潜在ランク理論による HRQOL(健康関連 QOL)の

解釈可能性の検討

白神 敬介

1 上越教育大学 

川野 健治

 立命館大学

Interpreting health-related quality of life using latent rank theory

Keisuke Shiraga (Joetsu University of Education) and Kenji Kawano (Ritsumeikan University) Health-related quality of life (HRQOL) is a useful evaluation measure of medical, health, and welfare activities, but it is difficult to apply it at the individual level. To solve this problem, we analyzed a widely used HRQOL instrument, the Medical Outcomes Study short form-36 (SF-36), using latent rank theory (LRT) to try to identify findings useful for supporting health care activities. We analyzed data from 2952 people obtained in a population health survey. In Analysis 1, we examined the feasibility of applying LRT. In Analysis 2, we performed qualitative interpretation analysis of the LRT results of Analysis 1 to determine more effective use of support activities in local public health care. Analysis 1 showed that LRT could properly extract information from SF-36 data. In Analysis 2, the LRT results allowed for the classification of each subject based on HRQOL status. The method would therefore be useful for determining appropriate interventions and selecting subjects for interventions. This study demonstrated a new methodology to more effectively use HRQOL measures in health care and psychological support.
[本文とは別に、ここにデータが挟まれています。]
(* Fix $k\ge2$, $c>0$ and $\zeta\in(0,1]$ with $\zeta(k-1)c^{k-1}<e$. Let $G=(V,E)$ be a finite $k$-uniform hypergraph with maximum degree at most $\Delta$ and let $F=F^G_{c,\zeta}$ (defined with this parameter $\Delta$). Then for all $\mathbf x,\mathbf y\in\mathbb R_{>0}^V$, $$\|\log F^2(\mathbf x)-\log F^2(\mathbf y)\|_\infty\le(1-\delta)\|\log\mathbf x-\log\mathbf y\|_\infty,\qquad \delta=1-\zeta c^{k-1}(k-1)e^{-1},$$ where $F^2=F\circ F$ and $\log$ is applied coordinatewise. In particular $F$ has a unique fixed point.
   Context: $F^G_{c,\zeta}:\mathbb R^V_{>0}\to\mathbb R^V_{>0}$ is given by $(F^G_{c,\zeta}(\mathbf x))_v=c\exp\left(-\frac{\zeta}{\Delta}\sum_{e\ni v}\prod_{u\in e\setminus\{v\}}x_u\right)$. *)

theory Defs
  imports "HOL-Analysis.Analysis"
begin

definition uniform_hypergraph :: "nat \<Rightarrow> 'a set \<Rightarrow> 'a set set \<Rightarrow> bool" where
  "uniform_hypergraph k V E \<longleftrightarrow> finite V \<and> (\<forall>e\<in>E. e \<subseteq> V \<and> card e = k)"

definition hdeg :: "'a set set \<Rightarrow> 'a \<Rightarrow> nat" where
  "hdeg E v = card {e\<in>E. v \<in> e}"

definition posvec :: "'a set \<Rightarrow> ('a \<Rightarrow> real) set" where
  "posvec V = {x. x \<in> extensional V \<and> (\<forall>v\<in>V. x v > 0)}"

definition Fmap :: "'a set \<Rightarrow> 'a set set \<Rightarrow> real \<Rightarrow> real \<Rightarrow> nat \<Rightarrow> ('a \<Rightarrow> real) \<Rightarrow> ('a \<Rightarrow> real)" where
  "Fmap V E c \<zeta> \<Delta> x = restrict (\<lambda>v. c * exp (- (\<zeta> / real \<Delta>) *
       (\<Sum>e\<in>{e\<in>E. v \<in> e}. \<Prod>u\<in>e - {v}. x u))) V"

definition supnorm :: "'a set \<Rightarrow> ('a \<Rightarrow> real) \<Rightarrow> real" where
  "supnorm V f = Max (insert 0 ((\<lambda>v. \<bar>f v\<bar>) ` V))"

end

theory Submission
  imports Defs
begin

text \<open>
  In logarithmic coordinates F is affine in the link sums S x v = (sum over edges e containing v
  of the product of x u over u in e - {v}): ln (F x v) = ln c - (zeta / Delta) * S x v.
  If ln x and ln y differ by at most L, then for an edge e at v the product of F x u over
  u in e - {v} equals c^(k-1) * exp (-A), where A changes by a factor at most exp ((k-1) L).
  Since s \<mapsto> exp (- exp s) is (1/e)-Lipschitz, this product moves by at most
  c^(k-1) (k-1) L / e; summing over the at most Delta edges at v and multiplying by
  zeta / Delta gives the contraction factor of F \<circ> F. Banach's fixed point theorem for
  F \<circ> F in logarithmic coordinates yields a fixed point of F \<circ> F, which is a fixed point
  of F because F maps it to another fixed point of F \<circ> F.
\<close>

lemma mult_exp_neg_le: fixes t :: real shows "t * exp (-t) \<le> exp (-1)"
proof -
  have "t * exp (-t) \<le> exp (t - 1) * exp (-t)"
    using exp_ge_add_one_self[of "t - 1"] by (simp add: mult_right_mono)
  also have "\<dots> = exp (-1)" by (simp flip: exp_add)
  finally show ?thesis .
qed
Key words: latent rank theory, health-related quality of life, SF-36, assessment. The Japanese Journal of Psychology

2018, Vol. 89, No. 3, pp. 251–261

J-STAGE Advanced published date: July 14, 2018, doi.org/10.4992/jjpsy.89.16212

Correspondence concerning this article should be sent to: Keisuke Shiraga, Graduate School of Education, Joetsu University of Education, Yamayashiki-machi, Joetsu 943-8512, Japan. (E-mail: shiraga@juen. ac.jp)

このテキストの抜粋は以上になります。